┌──
(* Let $\mathcal{V},\bar{\mathcal{V}}$ be disjoint finite sets with $|\mathcal{V}|=N$, $|\bar{\mathcal{V}}|=M$, and let $G:2^{\mathcal{V}\cup\bar{\mathcal{V}}}\to\mathbb{R}$ be a submodular, nonnegative set function with $G(\emptyset)=0$ and $G(\mathcal{V}\cup\bar{\mathcal{V}})=0$, with Lovász extension $g(\mathbf{x},\bar{\mathbf{x}})$ ($\mathbf{x}\in\mathbb{R}^N$ indexed by $\mathcal{V}$, $\bar{\mathbf{x}}\in\mathbb{R}^M$ indexed by $\bar{\mathcal{V}}$). Let $\mathbf{x}\in\mathbb{R}^N$ have minimum entry $a$ and maximum entry $b$. Then $g(\mathbf{x},\bar{\mathbf{x}})\ge g(\mathbf{x},\mathcal{P}_{a,b}(\bar{\mathbf{x}}))$ for every $\bar{\mathbf{x}}\in\mathbb{R}^M$. Consequently, for any $a'<a$ and $b'>b$, $$\min_{\bar{\mathbf{x}}\in\mathbb{R}^M}g(\mathbf{x},\bar{\mathbf{x}})=\min_{\bar{\mathbf{x}}\in[a',b']^M}g(\mathbf{x},\bar{\mathbf{x}})=\min_{\bar{\mathbf{x}}\in[a,b]^M}g(\mathbf{x},\bar{\mathbf{x}}).$$
   Context: Lovász extension: for a set function $F:2^{[n]}\to\mathbb{R}$ with $F(\emptyset)=0$, and $\mathbf{x}\in\mathbb{R}^n$ with entries sorted as $x_{i_1}\ge\cdots\ge x_{i_n}$, $f(\mathbf{x})=\sum_{j=1}^{n-1}F(\{i_1,\dots,i_j\})(x_{i_j}-x_{i_{j+1}})+F([n])x_{i_n}$. A set function $F$ is submodular if $F(\mathcal{S}_1)+F(\mathcal{S}_2)\ge F(\mathcal{S}_1\cup\mathcal{S}_2)+F(\mathcal{S}_1\cap\mathcal{S}_2)$ for all $\mathcal{S}_1,\mathcal{S}_2$. $\mathcal{P}_{a,b}(\bar{\mathbf{x}})$ denotes the vector obtained by projecting each entry of $\bar{\mathbf{x}}$ onto the interval $[a,b]$. *)

theory Defs
  imports Complex_Main
begin

definition sorted_enum :: "'a set \<Rightarrow> ('a \<Rightarrow> real) \<Rightarrow> 'a list" where
  "sorted_enum S x = (SOME l. distinct l \<and> set l = S \<and> sorted_wrt (\<lambda>i j. x i \<ge> x j) l)"

definition lovasz :: "('a set \<Rightarrow> real) \<Rightarrow> 'a set \<Rightarrow> ('a \<Rightarrow> real) \<Rightarrow> real" where
  "lovasz F S x = (if S = {} then 0 else
     (let l = sorted_enum S x; n = length l in
       (\<Sum>j<n - 1. F (set (take (Suc j) l)) * (x (l ! j) - x (l ! Suc j)))
       + F S * x (l ! (n - 1))))"

definition submodular_on :: "'a set \<Rightarrow> ('a set \<Rightarrow> real) \<Rightarrow> bool" where
  "submodular_on S F = (\<forall>S1 S2. S1 \<subseteq> S \<longrightarrow> S2 \<subseteq> S \<longrightarrow>
      F S1 + F S2 \<ge> F (S1 \<union> S2) + F (S1 \<inter> S2))"

definition proj :: "real \<Rightarrow> real \<Rightarrow> ('a \<Rightarrow> real) \<Rightarrow> ('a \<Rightarrow> real)" where
  "proj a b xb = (\<lambda>i. max a (min b (xb i)))"

definition joint :: "'a set \<Rightarrow> ('a \<Rightarrow> real) \<Rightarrow> ('a \<Rightarrow> real) \<Rightarrow> ('a \<Rightarrow> real)" where
  "joint V x xb = (\<lambda>i. if i \<in> V then x i else xb i)"

definition is_min_value :: "real \<Rightarrow> 'b set \<Rightarrow> ('b \<Rightarrow> real) \<Rightarrow> bool" where
  "is_min_value m A f = ((\<exists>y\<in>A. f y = m) \<and> (\<forall>y\<in>A. m \<le> f y))"

end

theory Submission
  imports Defs "HOL-Analysis.Analysis"
begin

(*
  With G vanishing on the empty and on the full ground set, the Lovasz extension equals the
  integral, over any interval containing all values, of t \<mapsto> G {i. t \<le> y i}. The upper level set
  of a joint vector at t is {v \<in> V. t \<le> x v} \<union> B_t with B_t \<subseteq> W. If the W-part also takes values
  in [a, b], this set is everything for t \<le> a and empty for t > b, where G takes its minimal
  value 0; so only t \<in> (a, b] matters, and there projecting onto [a, b] does not change the
  level sets. This gives the inequality.

  For the minimum, submodularity makes the minimisers B of G (Y \<union> B) over B \<subseteq> W closed under
  union, and the largest minimiser grows with Y. Choosing B_t as the largest minimiser for
  Y = {v \<in> V. t \<le> x v} gives a decreasing family of sets, which is the family of level sets of a
  vector with values in [a, b]; that vector minimises the integrand for every t.
*)

lemma sorted_enum:
  assumes "finite S"
  shows "distinct (sorted_enum S y)" "set (sorted_enum S y) = S"
    "sorted_wrt (\<lambda>i j. y i \<ge> y j) (sorted_enum S y)"
proof -
  obtain xs where xs: "set xs = S" "distinct xs"
    using finite_distinct_list[OF assms] by blast
  let ?l = "sort_key (\<lambda>i. - y i) xs"
  have "sorted_wrt (\<lambda>i j. y i \<ge> y j) ?l"
    using sorted_sort_key[of "\<lambda>i. - y i" xs] by (simp add: sorted_map)
  with xs have "\<exists>l. distinct l \<and> set l = S \<and> sorted_wrt (\<lambda>i j. y i \<ge> y j) l"
    by (intro exI[of _ ?l]) simp
  from someI_ex[OF this] show "distinct (sorted_enum S y)" "set (sorted_enum S y) = S"
    "sorted_wrt (\<lambda>i j. y i \<ge> y j) (sorted_enum S y)"
    unfolding sorted_enum_def by simp_all
qed

lemma sorted_wrt_ge_nth_antimono:
  fixes y :: "'a \<Rightarrow> 'b::linorder"
  assumes "sorted_wrt (\<lambda>i j. y i \<ge> y j) l" "p \<le> q" "q < length l"
  shows "y (l ! q) \<le> y (l ! p)"
  using assms sorted_wrt_nth_less[OF assms(1), of p q] by (cases "p = q") auto

lemma upper_level_set_sorted_wrt_ge:
  fixes y :: "'a \<Rightarrow> 'b::linorder"
  assumes sorted: "sorted_wrt (\<lambda>i j. y i \<ge> y j) l" and k: "Suc k < length l"
    and t: "y (l ! Suc k) < t" "t \<le> y (l ! k)"
  shows "{i \<in> set l. t \<le> y i} = set (take (Suc k) l)"
proof (intro set_eqI iffI)
  fix i assume "i \<in> {i \<in> set l. t \<le> y i}"
  then obtain p where p: "p < length l" "i = l ! p" "t \<le> y (l ! p)"
    by (auto simp: in_set_conv_nth)
  have "p \<le> k"
    using sorted_wrt_ge_nth_antimono[OF sorted, of "Suc k" p] p t by (cases "p \<le> k") auto
  with p show "i \<in> set (take (Suc k) l)"
    by (auto simp: in_set_conv_nth intro!: exI[of _ p])
next
  fix i assume "i \<in> set (take (Suc k) l)"
  then obtain p where p: "p \<le> k" "i = l ! p"
    by (auto simp: in_set_conv_nth less_Suc_eq_le)
  with k t sorted_wrt_ge_nth_antimono[OF sorted, of p k] show "i \<in> {i \<in> set l. t \<le> y i}"
    by auto
qed

lemma has_integral_upper_levels_sorted_wrt_ge:
  fixes F :: "'a set \<Rightarrow> real" and y :: "'a \<Rightarrow> real"
  assumes sorted: "sorted_wrt (\<lambda>i j. y i \<ge> y j) l" and k: "k < length l"
    and F0: "F {} = 0" and hi: "y (l ! 0) \<le> hi"
  shows "((\<lambda>t. F {i \<in> set l. t \<le> y i}) has_integral
           (\<Sum>j<k. F (set (take (Suc j) l)) * (y (l ! j) - y (l ! Suc j)))) {y (l ! k)..hi}"
  using k
proof (induction k)
  case 0
  have levels: "F {i \<in> set l. t \<le> y i} = 0" if "t \<in> {y (l ! 0)..hi} - {y (l ! 0)}" for t
  proof -
    have "{i \<in> set l. t \<le> y i} = {}"
      using that sorted_wrt_ge_nth_antimono[OF sorted, of 0] by (force simp: in_set_conv_nth)
    then show ?thesis by (simp only: F0)
  qed
  show ?case
    using has_integral_spike_finite[of "{y (l ! 0)}" "{y (l ! 0)..hi}"
        "\<lambda>t. F {i \<in> set l. t \<le> y i}" "\<lambda>_. 0"] levels
    by simp
next
  case (Suc k)
  let ?T = "set (take (Suc k) l)"
  have le: "y (l ! Suc k) \<le> y (l ! k)" "y (l ! k) \<le> hi"
    using sorted_wrt_ge_nth_antimono[OF sorted, of k "Suc k"]
      sorted_wrt_ge_nth_antimono[OF sorted, of 0 k] Suc.prems hi
    by auto
  have levels: "F {i \<in> set l. t \<le> y i} = F ?T"
    if "t \<in> {y (l ! Suc k)..y (l ! k)} - {y (l ! Suc k)}" for t
    using that upper_level_set_sorted_wrt_ge[OF sorted Suc.prems] by simp
  have "((\<lambda>t. F {i \<in> set l. t \<le> y i}) has_integral F ?T * (y (l ! k) - y (l ! Suc k)))
      {y (l ! Suc k)..y (l ! k)}"
    using has_integral_spike_finite[of "{y (l ! Suc k)}" "{y (l ! Suc k)..y (l ! k)}"
        "\<lambda>t. F {i \<in> set l. t \<le> y i}" "\<lambda>_. F ?T"] levels
      has_integral_const_real[of "F ?T" "y (l ! Suc k)" "y (l ! k)"] le(1)
    by (simp add: mult.commute)
  from has_integral_combine[OF le this Suc.IH] Suc.prems show ?case
    by (simp add: add.commute)
qed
└──
▶ **What the task requires**
When a line in the material above includes the word "assms", copy that line.

▶ **Result for this exercise**
    using finite_distinct_list[OF assms] by blast
  using assms sorted_wrt_nth_less[OF assms(1), of p q] by (cases "p = q") auto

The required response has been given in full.